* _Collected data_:
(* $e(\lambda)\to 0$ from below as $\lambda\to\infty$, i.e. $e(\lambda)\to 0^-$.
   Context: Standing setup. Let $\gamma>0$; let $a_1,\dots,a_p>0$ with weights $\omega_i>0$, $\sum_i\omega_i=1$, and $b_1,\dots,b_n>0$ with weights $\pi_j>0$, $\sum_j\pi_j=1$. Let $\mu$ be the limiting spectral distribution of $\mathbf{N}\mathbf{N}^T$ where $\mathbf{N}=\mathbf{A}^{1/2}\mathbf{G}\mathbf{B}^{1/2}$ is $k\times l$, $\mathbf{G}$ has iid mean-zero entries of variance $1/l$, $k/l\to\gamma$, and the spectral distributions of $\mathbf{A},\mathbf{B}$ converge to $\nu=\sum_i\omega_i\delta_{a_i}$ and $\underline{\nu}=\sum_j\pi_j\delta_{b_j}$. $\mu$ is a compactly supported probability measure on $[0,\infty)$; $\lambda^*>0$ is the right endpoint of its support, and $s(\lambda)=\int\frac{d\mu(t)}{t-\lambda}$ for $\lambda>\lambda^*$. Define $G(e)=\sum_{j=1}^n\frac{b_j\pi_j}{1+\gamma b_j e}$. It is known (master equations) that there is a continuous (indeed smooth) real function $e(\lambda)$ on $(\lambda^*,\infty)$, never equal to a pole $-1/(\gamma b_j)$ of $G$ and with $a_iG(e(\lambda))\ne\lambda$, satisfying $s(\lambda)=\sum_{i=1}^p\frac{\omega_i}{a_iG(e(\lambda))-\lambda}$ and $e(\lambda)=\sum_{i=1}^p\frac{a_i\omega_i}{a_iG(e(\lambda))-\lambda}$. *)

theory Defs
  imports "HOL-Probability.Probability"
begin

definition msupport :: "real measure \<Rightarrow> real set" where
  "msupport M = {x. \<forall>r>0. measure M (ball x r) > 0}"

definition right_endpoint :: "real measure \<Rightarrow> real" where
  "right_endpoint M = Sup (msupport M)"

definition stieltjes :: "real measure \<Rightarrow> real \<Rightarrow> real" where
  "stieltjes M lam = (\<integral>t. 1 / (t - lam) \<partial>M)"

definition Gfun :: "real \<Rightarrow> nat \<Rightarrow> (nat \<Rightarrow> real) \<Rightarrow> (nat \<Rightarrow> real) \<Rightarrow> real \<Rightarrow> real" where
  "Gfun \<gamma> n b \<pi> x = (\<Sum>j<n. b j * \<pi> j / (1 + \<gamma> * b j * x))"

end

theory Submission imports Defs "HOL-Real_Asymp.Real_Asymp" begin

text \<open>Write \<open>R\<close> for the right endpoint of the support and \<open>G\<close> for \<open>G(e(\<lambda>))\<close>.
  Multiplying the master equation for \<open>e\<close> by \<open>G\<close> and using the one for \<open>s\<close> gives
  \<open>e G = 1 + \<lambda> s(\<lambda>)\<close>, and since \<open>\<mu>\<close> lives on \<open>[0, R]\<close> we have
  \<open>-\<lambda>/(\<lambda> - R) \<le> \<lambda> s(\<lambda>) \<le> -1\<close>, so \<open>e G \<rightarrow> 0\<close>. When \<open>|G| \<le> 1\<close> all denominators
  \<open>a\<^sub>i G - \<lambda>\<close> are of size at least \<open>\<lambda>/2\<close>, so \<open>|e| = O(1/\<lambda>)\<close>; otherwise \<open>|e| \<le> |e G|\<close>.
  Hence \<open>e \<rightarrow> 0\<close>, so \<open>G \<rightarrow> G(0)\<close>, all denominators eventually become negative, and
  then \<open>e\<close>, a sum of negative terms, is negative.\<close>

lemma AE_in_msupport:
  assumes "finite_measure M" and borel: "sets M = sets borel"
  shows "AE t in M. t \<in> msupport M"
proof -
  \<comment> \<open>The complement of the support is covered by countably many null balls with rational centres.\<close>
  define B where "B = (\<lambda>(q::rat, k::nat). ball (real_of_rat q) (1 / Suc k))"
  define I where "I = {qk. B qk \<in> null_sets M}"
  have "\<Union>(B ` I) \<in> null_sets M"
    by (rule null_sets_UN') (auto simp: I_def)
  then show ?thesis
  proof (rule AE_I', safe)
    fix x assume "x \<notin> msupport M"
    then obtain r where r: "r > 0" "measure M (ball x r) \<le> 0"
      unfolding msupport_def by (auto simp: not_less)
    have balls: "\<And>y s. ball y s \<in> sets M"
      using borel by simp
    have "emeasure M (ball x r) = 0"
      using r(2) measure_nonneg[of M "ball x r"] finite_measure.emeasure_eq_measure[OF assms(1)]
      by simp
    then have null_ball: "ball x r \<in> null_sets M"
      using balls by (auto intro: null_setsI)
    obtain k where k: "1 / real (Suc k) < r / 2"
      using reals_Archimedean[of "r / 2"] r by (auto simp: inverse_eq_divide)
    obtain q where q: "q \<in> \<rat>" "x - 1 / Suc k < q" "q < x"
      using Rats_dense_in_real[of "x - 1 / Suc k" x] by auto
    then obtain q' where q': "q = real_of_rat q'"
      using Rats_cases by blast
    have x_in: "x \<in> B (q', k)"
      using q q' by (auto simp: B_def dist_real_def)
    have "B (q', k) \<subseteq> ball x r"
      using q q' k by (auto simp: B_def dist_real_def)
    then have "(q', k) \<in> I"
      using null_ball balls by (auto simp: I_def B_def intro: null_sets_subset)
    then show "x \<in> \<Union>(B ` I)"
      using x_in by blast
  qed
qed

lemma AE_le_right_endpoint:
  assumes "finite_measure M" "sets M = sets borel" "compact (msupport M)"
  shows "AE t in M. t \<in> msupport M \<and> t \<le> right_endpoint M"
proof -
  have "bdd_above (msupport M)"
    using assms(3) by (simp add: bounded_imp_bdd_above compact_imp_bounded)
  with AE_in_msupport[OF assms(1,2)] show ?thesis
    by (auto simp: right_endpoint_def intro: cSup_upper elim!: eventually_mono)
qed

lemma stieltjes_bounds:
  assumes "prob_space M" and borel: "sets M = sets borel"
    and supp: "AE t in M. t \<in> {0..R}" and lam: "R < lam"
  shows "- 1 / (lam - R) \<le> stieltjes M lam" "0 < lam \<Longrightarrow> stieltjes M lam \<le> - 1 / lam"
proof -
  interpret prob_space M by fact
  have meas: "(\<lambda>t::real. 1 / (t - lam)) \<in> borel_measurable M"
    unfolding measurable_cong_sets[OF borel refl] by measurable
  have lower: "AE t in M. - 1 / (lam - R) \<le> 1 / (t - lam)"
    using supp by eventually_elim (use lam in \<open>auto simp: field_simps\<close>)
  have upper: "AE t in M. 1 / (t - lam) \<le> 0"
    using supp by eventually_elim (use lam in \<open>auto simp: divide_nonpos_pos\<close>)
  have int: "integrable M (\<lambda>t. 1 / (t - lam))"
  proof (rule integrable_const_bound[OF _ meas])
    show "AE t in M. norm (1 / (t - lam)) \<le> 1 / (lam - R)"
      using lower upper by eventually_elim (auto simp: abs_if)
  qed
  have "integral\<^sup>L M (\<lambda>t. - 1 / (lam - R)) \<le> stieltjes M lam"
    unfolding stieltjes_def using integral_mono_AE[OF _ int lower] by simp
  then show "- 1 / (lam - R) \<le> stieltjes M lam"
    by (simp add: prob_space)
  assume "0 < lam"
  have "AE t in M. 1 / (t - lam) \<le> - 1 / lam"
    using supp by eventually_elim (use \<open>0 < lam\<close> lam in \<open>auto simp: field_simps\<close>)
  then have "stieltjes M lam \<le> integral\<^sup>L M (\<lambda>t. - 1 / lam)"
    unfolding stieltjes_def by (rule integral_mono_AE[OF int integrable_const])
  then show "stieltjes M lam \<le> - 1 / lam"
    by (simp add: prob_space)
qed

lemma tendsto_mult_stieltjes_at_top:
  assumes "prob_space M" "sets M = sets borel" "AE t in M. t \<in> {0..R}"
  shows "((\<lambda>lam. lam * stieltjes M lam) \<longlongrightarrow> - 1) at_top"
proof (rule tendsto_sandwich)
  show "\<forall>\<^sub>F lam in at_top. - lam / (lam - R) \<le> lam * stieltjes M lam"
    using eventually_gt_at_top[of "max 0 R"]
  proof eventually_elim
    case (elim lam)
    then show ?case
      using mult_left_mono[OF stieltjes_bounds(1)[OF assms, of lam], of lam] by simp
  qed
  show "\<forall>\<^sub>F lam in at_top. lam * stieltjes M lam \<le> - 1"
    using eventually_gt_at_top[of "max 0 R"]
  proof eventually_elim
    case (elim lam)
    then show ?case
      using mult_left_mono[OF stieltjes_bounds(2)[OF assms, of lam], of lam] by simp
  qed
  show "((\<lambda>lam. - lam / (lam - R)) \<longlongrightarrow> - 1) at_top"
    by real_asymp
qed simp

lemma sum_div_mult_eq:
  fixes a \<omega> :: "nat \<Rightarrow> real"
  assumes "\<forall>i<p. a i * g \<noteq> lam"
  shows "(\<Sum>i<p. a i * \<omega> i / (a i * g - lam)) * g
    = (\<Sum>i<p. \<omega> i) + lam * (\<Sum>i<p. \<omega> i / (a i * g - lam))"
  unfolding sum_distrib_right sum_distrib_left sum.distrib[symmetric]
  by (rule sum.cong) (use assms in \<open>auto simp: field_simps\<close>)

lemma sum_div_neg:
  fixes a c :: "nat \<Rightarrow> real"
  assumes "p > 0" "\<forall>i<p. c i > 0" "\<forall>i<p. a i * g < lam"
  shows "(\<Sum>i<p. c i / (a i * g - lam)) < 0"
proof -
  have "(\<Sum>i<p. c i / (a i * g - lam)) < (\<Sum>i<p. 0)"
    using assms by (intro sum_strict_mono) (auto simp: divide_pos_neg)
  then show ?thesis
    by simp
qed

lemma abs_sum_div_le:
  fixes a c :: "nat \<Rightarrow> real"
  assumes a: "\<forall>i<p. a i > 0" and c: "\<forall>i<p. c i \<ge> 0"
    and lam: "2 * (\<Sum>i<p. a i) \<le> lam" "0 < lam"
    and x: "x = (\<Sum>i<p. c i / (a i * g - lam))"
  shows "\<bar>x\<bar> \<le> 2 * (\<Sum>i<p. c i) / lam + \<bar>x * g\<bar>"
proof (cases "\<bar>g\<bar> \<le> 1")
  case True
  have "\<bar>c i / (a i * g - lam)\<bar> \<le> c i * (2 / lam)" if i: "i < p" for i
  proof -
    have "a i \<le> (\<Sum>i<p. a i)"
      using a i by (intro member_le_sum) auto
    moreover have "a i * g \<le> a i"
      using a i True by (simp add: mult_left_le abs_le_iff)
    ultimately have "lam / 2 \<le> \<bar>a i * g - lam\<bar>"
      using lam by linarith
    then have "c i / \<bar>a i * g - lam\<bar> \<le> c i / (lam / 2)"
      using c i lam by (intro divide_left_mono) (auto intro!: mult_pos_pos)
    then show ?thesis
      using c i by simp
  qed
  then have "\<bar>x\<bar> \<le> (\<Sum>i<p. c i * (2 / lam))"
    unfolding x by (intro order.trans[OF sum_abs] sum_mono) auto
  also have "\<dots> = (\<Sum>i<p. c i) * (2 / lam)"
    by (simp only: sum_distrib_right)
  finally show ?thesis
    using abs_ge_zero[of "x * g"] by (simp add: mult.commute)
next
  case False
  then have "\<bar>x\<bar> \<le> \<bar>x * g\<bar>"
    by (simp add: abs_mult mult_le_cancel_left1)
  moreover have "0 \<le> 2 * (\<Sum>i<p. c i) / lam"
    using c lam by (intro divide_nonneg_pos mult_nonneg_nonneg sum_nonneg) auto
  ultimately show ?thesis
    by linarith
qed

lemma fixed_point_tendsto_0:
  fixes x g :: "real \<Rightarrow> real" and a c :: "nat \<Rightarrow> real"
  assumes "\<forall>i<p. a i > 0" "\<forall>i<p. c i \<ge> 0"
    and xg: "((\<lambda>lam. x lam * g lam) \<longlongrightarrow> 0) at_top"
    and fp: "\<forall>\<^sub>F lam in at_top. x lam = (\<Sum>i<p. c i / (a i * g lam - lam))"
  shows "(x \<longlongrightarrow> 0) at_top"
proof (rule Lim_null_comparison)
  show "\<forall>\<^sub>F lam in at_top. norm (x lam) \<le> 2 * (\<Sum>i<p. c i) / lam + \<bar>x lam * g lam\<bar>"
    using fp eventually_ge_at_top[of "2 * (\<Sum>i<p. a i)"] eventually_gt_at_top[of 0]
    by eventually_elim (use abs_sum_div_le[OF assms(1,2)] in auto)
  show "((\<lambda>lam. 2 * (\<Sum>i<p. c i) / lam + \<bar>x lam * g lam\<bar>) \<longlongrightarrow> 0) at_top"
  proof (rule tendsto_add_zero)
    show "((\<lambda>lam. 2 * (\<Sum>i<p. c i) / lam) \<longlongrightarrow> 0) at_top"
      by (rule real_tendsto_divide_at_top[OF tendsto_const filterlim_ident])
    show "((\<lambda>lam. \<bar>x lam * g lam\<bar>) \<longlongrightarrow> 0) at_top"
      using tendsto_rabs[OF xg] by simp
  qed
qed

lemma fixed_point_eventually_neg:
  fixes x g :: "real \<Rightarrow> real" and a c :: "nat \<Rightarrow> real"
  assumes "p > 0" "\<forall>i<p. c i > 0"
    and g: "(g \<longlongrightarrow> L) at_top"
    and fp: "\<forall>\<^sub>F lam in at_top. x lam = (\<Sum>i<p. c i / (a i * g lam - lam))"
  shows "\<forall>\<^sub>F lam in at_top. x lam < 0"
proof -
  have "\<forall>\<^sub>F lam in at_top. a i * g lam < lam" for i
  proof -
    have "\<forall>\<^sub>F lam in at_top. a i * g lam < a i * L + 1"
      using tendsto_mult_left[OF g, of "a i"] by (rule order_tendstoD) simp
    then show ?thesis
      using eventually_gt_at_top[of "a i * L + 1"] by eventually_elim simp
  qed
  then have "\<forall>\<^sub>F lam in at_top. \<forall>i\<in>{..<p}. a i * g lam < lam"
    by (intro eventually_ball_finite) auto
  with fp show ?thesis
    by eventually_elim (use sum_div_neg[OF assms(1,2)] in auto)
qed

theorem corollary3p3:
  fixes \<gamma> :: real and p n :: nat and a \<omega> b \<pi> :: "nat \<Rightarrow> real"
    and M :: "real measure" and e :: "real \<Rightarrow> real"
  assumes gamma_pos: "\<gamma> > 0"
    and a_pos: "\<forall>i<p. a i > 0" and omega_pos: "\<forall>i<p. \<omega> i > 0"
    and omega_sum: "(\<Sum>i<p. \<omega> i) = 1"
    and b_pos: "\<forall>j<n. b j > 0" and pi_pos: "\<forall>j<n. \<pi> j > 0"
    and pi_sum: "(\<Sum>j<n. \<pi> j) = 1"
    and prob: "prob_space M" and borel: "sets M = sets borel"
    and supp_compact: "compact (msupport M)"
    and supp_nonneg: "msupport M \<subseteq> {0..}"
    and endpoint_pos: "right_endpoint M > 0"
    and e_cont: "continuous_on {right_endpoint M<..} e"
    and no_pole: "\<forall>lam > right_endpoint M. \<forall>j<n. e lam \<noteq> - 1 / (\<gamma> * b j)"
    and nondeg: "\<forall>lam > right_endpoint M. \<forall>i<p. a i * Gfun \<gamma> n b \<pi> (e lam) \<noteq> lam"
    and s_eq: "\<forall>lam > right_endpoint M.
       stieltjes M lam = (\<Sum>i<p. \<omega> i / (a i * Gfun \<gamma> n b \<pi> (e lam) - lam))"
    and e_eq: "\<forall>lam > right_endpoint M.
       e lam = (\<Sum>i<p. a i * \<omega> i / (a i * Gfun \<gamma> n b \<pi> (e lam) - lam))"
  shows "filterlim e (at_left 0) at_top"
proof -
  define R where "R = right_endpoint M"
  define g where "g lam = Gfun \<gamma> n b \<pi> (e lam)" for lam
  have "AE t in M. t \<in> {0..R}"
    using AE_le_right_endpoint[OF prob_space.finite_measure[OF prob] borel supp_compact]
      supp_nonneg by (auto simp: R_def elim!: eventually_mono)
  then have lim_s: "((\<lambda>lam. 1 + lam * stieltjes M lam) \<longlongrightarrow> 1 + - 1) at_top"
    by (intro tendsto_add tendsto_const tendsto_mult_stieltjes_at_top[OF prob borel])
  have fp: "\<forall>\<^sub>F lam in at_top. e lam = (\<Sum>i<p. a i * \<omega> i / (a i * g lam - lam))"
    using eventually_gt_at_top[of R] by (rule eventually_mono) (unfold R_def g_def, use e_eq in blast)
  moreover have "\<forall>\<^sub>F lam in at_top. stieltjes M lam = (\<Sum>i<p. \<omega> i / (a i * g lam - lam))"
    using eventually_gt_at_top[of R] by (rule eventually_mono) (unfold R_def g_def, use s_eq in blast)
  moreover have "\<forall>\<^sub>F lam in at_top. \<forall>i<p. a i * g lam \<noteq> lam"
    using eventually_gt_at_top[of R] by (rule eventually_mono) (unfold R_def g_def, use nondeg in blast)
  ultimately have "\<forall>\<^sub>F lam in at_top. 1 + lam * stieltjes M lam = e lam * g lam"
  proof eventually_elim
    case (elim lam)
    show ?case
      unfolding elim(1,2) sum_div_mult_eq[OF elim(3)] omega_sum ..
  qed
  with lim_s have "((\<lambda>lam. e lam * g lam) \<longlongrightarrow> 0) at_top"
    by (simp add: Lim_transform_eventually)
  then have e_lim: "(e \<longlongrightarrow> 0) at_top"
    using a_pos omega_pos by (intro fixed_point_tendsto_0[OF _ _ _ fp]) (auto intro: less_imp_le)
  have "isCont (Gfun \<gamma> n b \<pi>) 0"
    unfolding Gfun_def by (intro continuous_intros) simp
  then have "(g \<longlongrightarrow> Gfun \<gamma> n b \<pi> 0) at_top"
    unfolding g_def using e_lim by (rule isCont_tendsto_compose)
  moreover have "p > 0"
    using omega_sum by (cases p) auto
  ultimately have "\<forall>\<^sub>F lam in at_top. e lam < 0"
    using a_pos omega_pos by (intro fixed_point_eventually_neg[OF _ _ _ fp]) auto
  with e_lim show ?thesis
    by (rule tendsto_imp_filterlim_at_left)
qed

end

* _Instructions for the task_:
Across the entries, how many lines include the string "infty"? The answer should be only a number.

* _Answer for the task_:
2